Демьян Фомич взмахнул руками и надсадно закричал:
Его сын Иван, невысокий чернобровый парень, подбежал к нему и остановил его. Демьян Фомич шутливо пожаловался:
— Что же это такое, Филиппыч? Плакать не разрешается, потому как мы не женщины, и петь тоже не дают. Что же нам, мужикам, делать? — И, покачиваясь, поднял кверху палец, многозначительно сам ответил: — Нам остается только водку пить. Пойдем, Филиппыч, сыновей ведь провожаем. Я тебя хочу угостить.

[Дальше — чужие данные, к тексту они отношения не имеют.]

definition raag_map :: "'a set \<Rightarrow> ('a \<Rightarrow> 'a \<Rightarrow> bool) \<Rightarrow> ('a letter \<Rightarrow> 'a letter) \<Rightarrow> 'a letter list set \<Rightarrow> 'a letter list set" where
  "raag_map V E f g = raag_rel V E `` (map f ` g)"

definition flip_letter :: "'a \<Rightarrow> 'a letter \<Rightarrow> 'a letter" where
  "flip_letter x l = (if fst l = x then (fst l, \<not> snd l) else l)"

definition inversion :: "'a set \<Rightarrow> ('a \<Rightarrow> 'a \<Rightarrow> bool) \<Rightarrow> 'a \<Rightarrow> 'a letter list set \<Rightarrow> 'a letter list set" where
  "inversion V E x = raag_map V E (flip_letter x)"

definition graph_aut_of :: "'a set \<Rightarrow> ('a \<Rightarrow> 'a \<Rightarrow> bool) \<Rightarrow> ('a \<Rightarrow> 'a) \<Rightarrow> bool" where
  "graph_aut_of V E \<sigma> \<longleftrightarrow> bij_betw \<sigma> V V \<and> (\<forall>x\<in>V. \<forall>y\<in>V. E x y \<longleftrightarrow> E (\<sigma> x) (\<sigma> y))"

definition induced_graph_aut :: "'a set \<Rightarrow> ('a \<Rightarrow> 'a \<Rightarrow> bool) \<Rightarrow> ('a \<Rightarrow> 'a) \<Rightarrow> 'a letter list set \<Rightarrow> 'a letter list set" where
  "induced_graph_aut V E \<sigma> = raag_map V E (\<lambda>(v, b). (\<sigma> v, b))"

definition basic_auts :: "'a set \<Rightarrow> ('a \<Rightarrow> 'a \<Rightarrow> bool) \<Rightarrow> ('a letter list set \<Rightarrow> 'a letter list set) set" where
  "basic_auts V E = {inversion V E x | x. x \<in> V} \<union> {induced_graph_aut V E \<sigma> | \<sigma>. graph_aut_of V E \<sigma>}"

Половнев отказался, и Тугоухов один поплелся к вокзалу, с трудом пробираясь между возами.
Возле телеги с вещами остались Петр Филиппович, Пелагея Афанасьевна, Вася, Илья, Галя, Вера, Бубнов. Лена присоединилась к группе молодежи из другого села и, что-то болтая, смеялась с ними, потом плясала. Свиридов и Крутояров ушли узнавать, когда, как и где будет посадка в вагоны.

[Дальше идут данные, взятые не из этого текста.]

lemma d_geodesic_near_rho_geodesic:
  obtains B where "\<And>x y P g. dist_geodesic X \<rho> x y P \<Longrightarrow> dist_geodesic X d x y g \<Longrightarrow>
    nbhd_covers \<rho> B (set P) (set g)"
proof -
  obtain B where B: "\<And>D. \<forall>k. (4 + 4 * K) * D \<le> 2 ^ k \<longrightarrow> D \<le> k * \<delta> + K \<Longrightarrow> D \<le> B"
    using log_bound_imp_bounded by blast
  have "nbhd_covers \<rho> B (set P) (set g)"
    if P: "dist_geodesic X \<rho> x y P" and g: "dist_geodesic X d x y g" for x y P g
  proof -
    have ne: "set P \<noteq> {}" "set g \<noteq> {}"
      using P g by (auto simp: dist_geodesic_def)
    obtain v0 D where v0: "v0 \<in> set g" and near: "nbhd_covers \<rho> D (set P) (set g)"
      and far: "\<forall>w\<in>set P. D \<le> \<rho> w v0"
      using farthest_point[OF finite_set ne(1) finite_set ne(2), of \<rho>] by blast
    have "\<forall>w\<in>set P. D \<le> \<rho> v0 w"
      using far v0 rho_sym dist_geodesic_set[OF P] dist_geodesic_set[OF g] by (metis subsetD)
    then have "D \<le> B"
      using B morse_bisection_bound[OF P g near v0] by blast
    with near show ?thesis
      by (rule nbhd_covers_mono)
  qed
  then show thesis
    using that by blast
qed

lemma rho_geodesic_projection:
  assumes P: "dist_geodesic X \<rho> x y P" and g: "dist_geodesic X d x y g"
    and near: "nbhd_covers \<rho> B (set P) (set g)"
  obtains \<pi> where "\<And>t. t < length g \<Longrightarrow> \<pi> t < length P \<and> \<rho> (P ! \<pi> t) (g ! t) \<le> B"
    "\<pi> 0 = 0" "\<pi> (length g - 1) = length P - 1"
    "\<And>t. Suc t < length g \<Longrightarrow> \<pi> (Suc t) \<le> \<pi> t + (2 * B + 1)"
proof -
  define n T where "n = length P - 1" and "T = length g - 1"
  have ends: "P ! 0 = x" "P ! n = y" "g ! 0 = x" "g ! T = y" "T < length g" "n < length P"
    using P g by (auto simp: dist_geodesic_def n_def T_def hd_conv_nth last_conv_nth)
  have xy: "\<rho> x x = 0" "\<rho> y y = 0" "T = 0 \<Longrightarrow> n = 0"
    using rho_self dist_geodesic_ends[OF P] dist_geodesic_length[OF P] ends by auto
  have "\<exists>j. j < length P \<and> \<rho> (P ! j) (g ! t) \<le> B \<and> (t = 0 \<longrightarrow> j = 0) \<and> (t = T \<longrightarrow> j = n)"
    if "t < length g" for t
  proof (cases "t = 0 \<or> t = T")
    case True
    then show ?thesis
      using ends xy by (intro exI[of _ "if t = 0 then 0 else n"]) auto
  next
    case False
    then have "\<exists>u\<in>set P. \<rho> u (g ! t) \<le> B"
      using near that by (simp add: nbhd_covers_def)
    then show ?thesis
      using False by (auto simp: in_set_conv_nth)
  qed
  then obtain \<pi> where \<pi>: "\<And>t. t < length g \<Longrightarrow> \<pi> t < length P \<and> \<rho> (P ! \<pi> t) (g ! t) \<le> B \<and>
      (t = 0 \<longrightarrow> \<pi> t = 0) \<and> (t = T \<longrightarrow> \<pi> t = n)"
    by metis
  have "\<pi> (Suc t) \<le> \<pi> t + (2 * B + 1)" if t: "Suc t < length g" for t
  proof -
    have X: "g ! t \<in> X" "g ! Suc t \<in> X" "P ! \<pi> t \<in> X" "P ! \<pi> (Suc t) \<in> X"
      using t \<pi>[of t] \<pi>[of "Suc t"] dist_geodesic_set[OF g] dist_geodesic_set[OF P] by auto
    have "\<rho> (g ! t) (g ! Suc t) \<le> 1"
      using rho_le_d[OF X(1,2)] dist_geodesic_nth[OF g, of t "Suc t"] t by simp
    moreover have "\<rho> (P ! \<pi> t) (P ! \<pi> (Suc t))
        \<le> \<rho> (P ! \<pi> t) (g ! t) + (\<rho> (g ! t) (g ! Suc t) + \<rho> (g ! Suc t) (P ! \<pi> (Suc t)))"
      using rho_triangle[OF X(3,1,4)] rho_triangle[OF X(1,2,4)] by linarith
    ultimately have "\<rho> (P ! \<pi> t) (P ! \<pi> (Suc t)) \<le> 2 * B + 1"
      using \<pi>[of t] \<pi>[of "Suc t"] t rho_sym[OF X(2,4)] by simp
    then show ?thesis
      using rho_geodesic_nth[OF P, of "\<pi> t" "\<pi> (Suc t)"] \<pi>[of t] \<pi>[of "Suc t"] t
      by (auto split: if_splits)
  qed
  moreover have "\<pi> 0 = 0"
    using \<pi>[of 0] g by (simp add: dist_geodesic_def)
  moreover have "\<pi> T = n"
    using \<pi>[of T] ends(5) by simp
  ultimately show thesis
    using that[of \<pi>] \<pi> by (simp add: T_def n_def)
qed
lemma ict2_pattern_transfer_to_domain:
  fixes R :: "'a::field set"
  assumes R: "fraction_field_of R" and D: "D \<in> R" "D \<noteq> 0"
    and \<alpha>: "\<And>i. i < n \<Longrightarrow> D * \<alpha> i \<in> R" and \<beta>: "\<And>j. j < n \<Longrightarrow> D * \<beta> j \<in> R"
    and rows: "\<And>i j k. i < n \<Longrightarrow> j < n \<Longrightarrow> k < n \<Longrightarrow> \<alpha> i + \<beta> j - \<alpha> k \<in> R \<longleftrightarrow> k = i"
    and columns: "\<And>i j l. i < n \<Longrightarrow> j < n \<Longrightarrow> l < n \<Longrightarrow>
      sat UNIV [R] (e(0 := \<alpha> i + \<beta> j - \<beta> l)) \<phi> \<longleftrightarrow> l = j"
  shows "ict2_pattern R [] dvd_diff_fm (shifted_frac_fm \<phi>) n"
proof -
  have S: "subring_of R"
    using R by (simp add: fraction_field_of_def)
  obtain E where E: "assignment_in R E" "\<forall>v. E (2 * v + 4) \<noteq> 0" "frac_env E = e"
    using frac_env_surj[OF R] by blast
  have witness: "D * (\<alpha> i + \<beta> j) \<in> R" if "i < n" "j < n" for i j
    using \<alpha> \<beta> that subring_add[OF S] by (simp add: distrib_left)
  show ?thesis
    unfolding ict2_pattern_def
  proof (rule exI[of _ "\<lambda>k. (\<lambda>_. 0)(2 := D * \<alpha> k, 3 := D)"],
      rule exI[of _ "\<lambda>l. E(2 := D * \<beta> l, 4 := D)"],
      rule exI[of _ "\<lambda>i j. D * (\<alpha> i + \<beta> j)"], intro conjI allI impI)
    fix k assume "k < n"
    then show "assignment_in R ((\<lambda>_. 0)(2 := D * \<alpha> k, 3 := D))"
      and "assignment_in R (E(2 := D * \<beta> k, 4 := D))"
      using D \<alpha> \<beta> E(1) subring_zero[OF S] by (auto simp: assignment_in_def)
  next
    fix i j k assume ijk: "i < n" "j < n" "k < n"
    show "D * (\<alpha> i + \<beta> j) \<in> R"
      using ijk(1,2) by (rule witness)
    show "sat R [] (((\<lambda>_. 0)(2 := D * \<alpha> k, 3 := D))(0 := D * (\<alpha> i + \<beta> j))) dvd_diff_fm
        \<longleftrightarrow> k = i"
      using sat_dvd_diff_fm[OF D(2)] rows[OF ijk] by simp
    show "sat R [] ((E(2 := D * \<beta> k, 4 := D))(0 := D * (\<alpha> i + \<beta> j))) (shifted_frac_fm \<phi>)
        \<longleftrightarrow> k = j"
      using sat_shifted_frac_fm[OF R E(2) D(2) witness \<beta>] columns[OF ijk] ijk
      unfolding E(3) by blast
  qed
qed

lemma dp_minimal_domain_imp_comparable:
  fixes R V :: "'a::field set"
  assumes R: "fraction_field_of R" and V: "valuation_ring V" and dp: "dp_minimal R []"
    and ext: "externally_definable UNIV [R] V"
  shows "R \<subseteq> V \<or> V \<subseteq> R"
proof (rule ccontr)
  have S: "subring_of R"
    using R by (simp add: fraction_field_of_def)
  assume "\<not> (R \<subseteq> V \<or> V \<subseteq> R)"
  then obtain a b where ab: "a \<in> R" "a \<notin> V" "b \<in> V" "b \<notin> R"
    by blast
  obtain \<phi> where \<phi>: "\<forall>A. finite A \<and> A \<subseteq> UNIV \<longrightarrow>
      (\<exists>e. assignment_in UNIV e \<and> (\<forall>x\<in>A. x \<in> V \<longleftrightarrow> sat UNIV [R] (e(0 := x)) \<phi>))"
    using ext unfolding externally_definable_def by (elim conjE exE)
  obtain n where no_pattern: "\<not> ict2_pattern R [] dvd_diff_fm (shifted_frac_fm \<phi>) n"
    using dp unfolding dp_minimal_def by blast
  obtain \<alpha> where \<alpha>: "\<forall>i<n. \<alpha> i \<in> V" "pairwise_incongruent R n \<alpha>"
    using pairwise_incongruent_exists[OF S V ab] by blast
  have "\<forall>j<n. a ^ j \<in> R"
    using subring_power[OF S ab(1)] by blast
  note grid = grid_membership[OF S valuation_ring_subring[OF V] \<alpha> this
      pairwise_incongruent_powers[OF V ab(2)]]
  obtain D where D: "D \<in> R" "D \<noteq> 0" "\<forall>x\<in>\<alpha> ` {..<n}. D * x \<in> R"
    using fraction_field_common_denominator[OF R finite_imageI[OF finite_lessThan]] by blast
  define A where "A = (\<lambda>(i, j, l). \<alpha> i + a ^ j - a ^ l) ` ({..<n} \<times> {..<n} \<times> {..<n})"
  have "finite A"
    by (simp add: A_def)
  then obtain e where e: "\<forall>x\<in>A. x \<in> V \<longleftrightarrow> sat UNIV [R] (e(0 := x)) \<phi>"
    using \<phi> by blast
  have "sat UNIV [R] (e(0 := \<alpha> i + a ^ j - a ^ l)) \<phi> \<longleftrightarrow> l = j"
    if "i < n" "j < n" "l < n" for i j l
  proof -
    have "\<alpha> i + a ^ j - a ^ l \<in> A"
      unfolding A_def using that by force
    then show ?thesis
      using e grid(2)[OF that] by blast
  qed
  moreover have "D * a ^ j \<in> R" for j
    using subring_mult[OF S D(1) subring_power[OF S ab(1)]] .
  ultimately have "ict2_pattern R [] dvd_diff_fm (shifted_frac_fm \<phi>) n"
    using ict2_pattern_transfer_to_domain[OF R D(1,2), of n \<alpha> "\<lambda>j. a ^ j"] D(3) grid(1)
    by blast
  with no_pattern show False ..
qed

theorem mainTheorem19:
  fixes R Ov :: "'a::field set"
  assumes "fraction_field_of R" and "valuation_ring Ov"
  shows "(dp_minimal UNIV [R, Ov] \<longrightarrow> R \<subseteq> Ov \<or> Ov \<subseteq> R) \<and>
         (dp_minimal R [] \<and> externally_definable UNIV [R] Ov \<longrightarrow> R \<subseteq> Ov \<or> Ov \<subseteq> R)"
proof -
  have "subring_of R"
    using assms(1) by (simp add: fraction_field_of_def)
  then show ?thesis
    using dp_minimal_imp_comparable dp_minimal_domain_imp_comparable assms by blast
qed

— Что делать с баяном? — в раздумье спрашивал Илья, ни к кому не обращаясь.
— Обязательно с собой бери, — сказал Вася Половнев.
— Придется, — сказал Илья и, помолчав, спросил: — А где же наш Огоньков? Почему не провожает своих трактористов?
Вася ответил:
— Его вызвали в МТС. Там теперь переполох: надо заново бригаду создавать. А из кого? Утром я виделся с ним: расстроен страшно! Неловко ему, вишь, что нас взяли, а его оставили. Я, говорит, на тракторе могу? Могу! А почему на танк не гожусь?

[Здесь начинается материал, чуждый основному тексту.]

lemma balanced_density_cost:
  fixes y w :: "'a \<Rightarrow> real" and \<eta> k :: real
  assumes [measurable]: "y \<in> borel_measurable M"
    and y_pos: "\<forall>b\<in>space M. 0 < y b" and y_dens: "(\<integral>\<^sup>+b. ennreal (y b) \<partial>M) = 1"
    and w_nonneg: "\<forall>b\<in>space M. 0 \<le> w b" and balanced: "\<forall>b\<in>space M. y b powr \<eta> * w b = k"
  shows "0 \<le> k"
    and tilted: "\<And>b. b \<in> space M \<Longrightarrow> y b powr (1 + \<eta>) * w b = k * y b"
    and "(\<integral>\<^sup>+b. ennreal (y b powr (1 + \<eta>) * w b) \<partial>M) = ennreal k"
proof -
  obtain b0 where "b0 \<in> space M"
    using y_dens nn_integral_empty by fastforce
  then show k: "0 \<le> k"
    using balanced y_pos w_nonneg by force
  show tilted: "y b powr (1 + \<eta>) * w b = k * y b" if "b \<in> space M" for b
  proof -
    have "y b powr (1 + \<eta>) = y b * y b powr \<eta>"
      using y_pos that by (simp add: powr_add less_imp_le)
    then show ?thesis using balanced that by (simp add: algebra_simps)
  qed
  have "(\<integral>\<^sup>+b. ennreal (y b powr (1 + \<eta>) * w b) \<partial>M) = (\<integral>\<^sup>+b. ennreal k * ennreal (y b) \<partial>M)"
    using tilted k by (intro nn_integral_cong) (simp add: ennreal_mult')
  then show "(\<integral>\<^sup>+b. ennreal (y b powr (1 + \<eta>) * w b) \<partial>M) = ennreal k"
    by (simp add: nn_integral_cmult y_dens)
qed

lemma powr_weight_integral_convex_min:
  fixes q y w :: "'a \<Rightarrow> real" and \<eta> k :: real
  assumes [measurable]: "q \<in> borel_measurable M" "y \<in> borel_measurable M" "w \<in> borel_measurable M"
    and q_nonneg: "\<forall>b\<in>space M. 0 \<le> q b" and y_pos: "\<forall>b\<in>space M. 0 < y b"
    and w_nonneg: "\<forall>b\<in>space M. 0 \<le> w b"
    and q_dens: "(\<integral>\<^sup>+b. ennreal (q b) \<partial>M) = 1" and y_dens: "(\<integral>\<^sup>+b. ennreal (y b) \<partial>M) = 1"
    and balanced: "\<forall>b\<in>space M. y b powr \<eta> * w b = k" and "0 < \<eta>"
  shows "(\<integral>\<^sup>+b. ennreal (y b powr (1 + \<eta>) * w b) \<partial>M) \<le> (\<integral>\<^sup>+b. ennreal (q b powr (1 + \<eta>) * w b) \<partial>M)"
proof -
  note cost = balanced_density_cost[OF assms(2) y_pos y_dens w_nonneg balanced]
  define I where "I = (\<integral>\<^sup>+b. ennreal (q b powr (1 + \<eta>) * w b) \<partial>M)"
  have "ennreal ((1 + \<eta>) * k) = (\<integral>\<^sup>+b. ennreal ((1 + \<eta>) * k) * ennreal (q b) \<partial>M)"
    by (simp add: nn_integral_cmult q_dens)
  also have "\<dots> \<le> (\<integral>\<^sup>+b. ennreal (q b powr (1 + \<eta>) * w b) + ennreal (\<eta> * k) * ennreal (y b) \<partial>M)"
  proof (intro nn_integral_mono)
    fix b assume b: "b \<in> space M"
    have "(1 + \<eta>) * q b * y b powr \<eta> * w b \<le> (q b powr (1 + \<eta>) + \<eta> * y b powr (1 + \<eta>)) * w b"
      using powr_convex_tangent[of "q b" "y b" \<eta>] q_nonneg y_pos w_nonneg b \<open>0 < \<eta>\<close>
      by (intro mult_right_mono) auto
    then have "(1 + \<eta>) * k * q b \<le> q b powr (1 + \<eta>) * w b + \<eta> * k * y b"
      using balanced cost(2)[OF b] b by (simp add: algebra_simps)
    moreover have "0 \<le> q b powr (1 + \<eta>) * w b" "0 \<le> \<eta> * k * y b"
      using cost(1) \<open>0 < \<eta>\<close> y_pos w_nonneg b by (auto simp: less_imp_le)
    ultimately show "ennreal ((1 + \<eta>) * k) * ennreal (q b)
        \<le> ennreal (q b powr (1 + \<eta>) * w b) + ennreal (\<eta> * k) * ennreal (y b)"
      using cost(1) \<open>0 < \<eta>\<close> y_pos b
      by (simp add: ennreal_mult'[symmetric] ennreal_plus[symmetric] ennreal_leI del: ennreal_plus)
  qed
  also have "\<dots> = I + ennreal (\<eta> * k)"
    by (simp add: I_def nn_integral_add nn_integral_cmult y_dens)
  finally have "ennreal k + ennreal (\<eta> * k) \<le> I + ennreal (\<eta> * k)"
    using cost(1) \<open>0 < \<eta>\<close> by (simp add: distrib_right ennreal_plus)
  then show ?thesis
    unfolding cost(3) I_def[symmetric] by (simp add: add.commute[of _ "ennreal (\<eta> * k)"])
qed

Вдруг на платформе дали несколько протяжных сигналов горном, и сразу вся площадь зашевелилась, закачалась, пришла в суматошное движение. Шумя и толкаясь, люди двинулись к товарным красным вагонам. Послышались вскрики, всхлипывания, плач женщин, девушек.
Илья подошел к Пелагее Афанасьевне, неловко поцеловал ее в лоб и тихо-тихо проговорил взволнованным голосом:
— До свидания, тетя Поля. Скажите моей маме, чтоб она не журилась. Поговорите с ней.
Мать не провожала Илью: ей нездоровилось.
— Ладно, ладно, сынок, поговорю, — обещала Пелагея Афанасьевна, в свою очередь целуя Илью.
А он, глянув в сторону Петра Филипповича, покраснел, неловко переступил с ноги на ногу и совсем шепотом добавил:
— Галю берегите… Вернусь — мы с ней поженимся. Так мы договорились.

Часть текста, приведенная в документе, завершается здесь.